#### ABOUT THIS TASK:
Copy out every line of the records where the string "with" occurs.

#### Saved data entries:
lemma pop_time_23_1_lr_min:
  assumes "distinct tau" and "lr_min tau p"
  shows "pop_time_23_1 tau p = length tau"
proof (rule ccontr)
  let ?t = "next_smaller tau p"
  assume "pop_time_23_1 tau p \<noteq> length tau"
  then have t: "?t < length tau" "\<not> lr_min tau ?t"
    unfolding pop_time_23_1_def Let_def by (auto split: if_splits)
  then have "p < ?t" "tau!?t < tau!p"
    using next_smaller_less by blast+
  moreover have "tau!p < tau!q" if "p < q" "q < ?t" for q
    using next_smaller_between[OF assms(1) that] .
  ultimately have "lr_min tau ?t"
    using assms(2) unfolding lr_min_def by (metis less_trans linorder_neqE_nat)
  with t show False by simp
qed

lemma pop_time_23_1_eq_iff:
  assumes dist: "distinct tau" and t: "t < length tau"
    and q0: "q0 < t" "t \<le> pop_time_23_1 tau q0" "tau!q0 < tau!t"
    and p: "p < t" "t \<le> pop_time_23_1 tau p"
  shows "pop_time_23_1 tau p = t \<longleftrightarrow>
    (\<forall>q. p \<le> q \<and> q < t \<and> t \<le> pop_time_23_1 tau q \<longrightarrow> tau!t < tau!q)"
proof
  assume "pop_time_23_1 tau p = t"
  then have ns: "next_smaller tau p = t"
    using pop_time_23_1_less t by metis
  then have "tau!t < tau!p"
    using next_smaller_less[of tau p] t by simp
  moreover have "tau!p < tau!q" if "p < q" "q < t" for q
    using next_smaller_between[OF dist that(1)] that(2) ns by simp
  ultimately show "\<forall>q. p \<le> q \<and> q < t \<and> t \<le> pop_time_23_1 tau q \<longrightarrow> tau!t < tau!q"
    by (metis le_neq_implies_less less_trans)
next
  assume H: "\<forall>q. p \<le> q \<and> q < t \<and> t \<le> pop_time_23_1 tau q \<longrightarrow> tau!t < tau!q"
  let ?s = "next_smaller tau p"
  have "tau!t < tau!p"
    using H p by auto
  have between: "\<not> tau!r < tau!p" if "p < r" "r < t" for r
  proof
    assume "tau!r < tau!p"
    with that(1) have "?s \<le> r"
      by (rule next_smaller_le)
    then have s: "?s < t" "?s < length tau" "p \<le> ?s"
      using that t first_after_gt[of p "length tau" "\<lambda>t. tau!t < tau!p"]
      unfolding next_smaller_def by auto
    show False
    proof (cases "lr_min tau ?s")
      case False
      then have "pop_time_23_1 tau p = ?s"
        using pop_time_23_1_eqI s(2) by blast
      with p s show False by simp
    next
      case True
      then have "tau!t < tau!?s"
        using H s pop_time_23_1_lr_min[OF dist True] t by auto
      moreover have "\<not> q0 < ?s"
        using True \<open>tau!t < tau!?s\<close> q0(3) unfolding lr_min_def by (meson less_trans not_less_iff_gr_or_eq)
      ultimately show False
        using H[rule_format, of q0] q0 s by simp
    qed
  qed
  have "?s = t"
    unfolding next_smaller_def
  proof (rule first_after_eqI)
    show "p < t" "t \<le> length tau" "tau!t < tau!p"
      using p t \<open>tau!t < tau!p\<close> by simp_all
  qed (use between in blast)
  moreover have "\<not> lr_min tau t"
    using q0 unfolding lr_min_def by auto
  ultimately show "pop_time_23_1 tau p = t"
    using pop_time_23_1_eqI t by blast
qed

lemma pop_time_23_1_neq_if_no_smaller:
  assumes dist: "distinct tau" and t: "t < length tau"
    and H: "\<forall>q. q < t \<and> t \<le> pop_time_23_1 tau q \<longrightarrow> tau!t < tau!q"
  shows "pop_time_23_1 tau p \<noteq> t"
proof
  assume "pop_time_23_1 tau p = t"
  then have "\<not> lr_min tau t"
    using pop_time_23_1_less t by metis
  then obtain e where e: "e < t" "tau!e < tau!t"
    using not_lr_min_witness[OF dist t] by blast
  then obtain i where i: "i < Suc e" "lr_min tau i" "tau!i \<le> tau!e"
    using prefix_min_lr_min[of "Suc e" tau] t by auto
  then have "tau!t < tau!i"
    using H pop_time_23_1_lr_min[OF dist] e t by auto
  with e i show False by simp
qed

lemma sc_insert_23_1_stack_at:
  assumes dist: "distinct tau" and t: "t < length tau"
    and avoids: "\<not> contains_23_1 (stack_at tau (pop_time_23_1 tau) t)"
  shows "sc_insert contains_23_1 (tau!t) (stack_at tau (pop_time_23_1 tau) t) out =
    (stack_at tau (pop_time_23_1 tau) (Suc t), out @ map ((!) tau) (popped_positions (pop_time_23_1 tau) t))"
proof -
  let ?T = "pop_time_23_1 tau"
  have "t < ?T t"
    using pop_time_23_1_bounds t by blast
  show ?thesis
  proof (cases "\<exists>z\<in>set (stack_at tau ?T t). z < tau!t")
    case True
    then obtain q0 where "q0 < t" "t \<le> ?T q0" "tau!q0 < tau!t"
      unfolding set_stack_at by auto
    then have "takeWhile (\<lambda>y. tau!t < y) (stack_at tau ?T t) = map ((!) tau) (popped_positions ?T t)"
      and "tau!t # dropWhile (\<lambda>y. tau!t < y) (stack_at tau ?T t) = stack_at tau ?T (Suc t)"
      using pop_time_23_1_eq_iff[OF dist t] stack_at_step[of t ?T "\<lambda>y. tau!t < y" tau] \<open>t < ?T t\<close>
      by blast+
    with True show ?thesis
      unfolding sc_insert_23_1[OF avoids] by simp
  next
    case False
    have "tau!t < tau!q" if "q < t" "t \<le> ?T q" for q
    proof -
      have "\<not> tau!q < tau!t"
        using False that unfolding set_stack_at by auto
      moreover have "tau!q \<noteq> tau!t"
        using distinct_nth_neq[OF dist, of q t] that t by simp
      ultimately show ?thesis by simp
    qed
    then have none: "?T p \<noteq> t" for p
      using pop_time_23_1_neq_if_no_smaller[OF dist t] by blast
    then have "popped_positions ?T t = []"
      unfolding popped_positions_def by simp
    moreover have "tau!t # stack_at tau ?T t = stack_at tau ?T (Suc t)"
      using stack_at_step(2)[of t ?T "\<lambda>_. False" tau] \<open>t < ?T t\<close> none by (simp, metis order_refl)
    ultimately show ?thesis
      using False unfolding sc_insert_23_1[OF avoids] by simp
  qed
qed

lemma SC_23_1_eq_map_pop_order:
  "distinct tau \<Longrightarrow>
     SC contains_23_1 tau = map ((!) tau) (pop_order (pop_time_23_1 tau) (Suc (length tau)))"
  by (rule SC_eq_map_pop_order)
    (auto simp: contains_23_1_def pop_time_23_1_bounds sc_insert_23_1_stack_at)

section \<open>West's stack-sorting map\<close>

lemma next_greater_eq_iff:
  assumes dist: "distinct tau" and t: "t < length tau" and p: "p < t" "t \<le> next_greater tau p"
  shows "next_greater tau p = t \<longleftrightarrow>
    (\<forall>q. p \<le> q \<and> q < t \<and> t \<le> next_greater tau q \<longrightarrow> tau!q < tau!t)"
proof -
  have below: "tau!q < tau!p" if "p < q" "q < t" for q
    using next_greater_between[OF dist that(1)] that(2) p(2) by simp
  have "next_greater tau p = t \<longleftrightarrow> tau!p < tau!t"
  proof
    assume "next_greater tau p = t"
    then show "tau!p < tau!t"
      using next_greater_less[of tau p] t by simp
  next
    assume "tau!p < tau!t"
    then show "next_greater tau p = t"
      unfolding next_greater_def using p(1) t below
      by (intro first_after_eqI) (auto dest: less_asym)
  qed
  also have "\<dots> \<longleftrightarrow> (\<forall>q. p \<le> q \<and> q < t \<and> t \<le> next_greater tau q \<longrightarrow> tau!q < tau!t)"
    using p below by (auto simp: le_less intro: less_trans)
  finally show ?thesis .
qed

lemma sc_insert_21_stack_at:
  assumes dist: "distinct tau" and t: "t < length tau"
    and avoids: "\<not> contains [2, 1] (stack_at tau (next_greater tau) t)"
  shows "sc_insert (contains [2, 1]) (tau!t) (stack_at tau (next_greater tau) t) out =
    (stack_at tau (next_greater tau) (Suc t), out @ map ((!) tau) (popped_positions (next_greater tau) t))"
proof -
  have "t < next_greater tau t"
    using next_greater_bounds t by blast
  then have "takeWhile (\<lambda>y. y < tau!t) (stack_at tau (next_greater tau) t) =
      map ((!) tau) (popped_positions (next_greater tau) t)"
    and "tau!t # dropWhile (\<lambda>y. y < tau!t) (stack_at tau (next_greater tau) t) =
      stack_at tau (next_greater tau) (Suc t)"
    using next_greater_eq_iff[OF dist t] stack_at_step[of t "next_greater tau" "\<lambda>y. y < tau!t" tau]
    by blast+
  then show ?thesis
    unfolding sc_insert_21[OF avoids] by simp
qed

lemma west_s_eq_map_pop_order:
  "distinct tau \<Longrightarrow> west_s tau = map ((!) tau) (pop_order (next_greater tau) (Suc (length tau)))"
  unfolding west_s_def
proof (rule SC_eq_map_pop_order)
  show "\<not> contains [2, 1] []" and "\<And>y. \<not> contains [2, 1] [y]"
    unfolding contains_21_iff by auto
qed (use next_greater_bounds sc_insert_21_stack_at in blast)+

#### YOUR SOLUTION:
  with t show False by simp
    with that(1) have "?s \<le> r"
      with p s show False by simp
  with e i show False by simp
    with True show ?thesis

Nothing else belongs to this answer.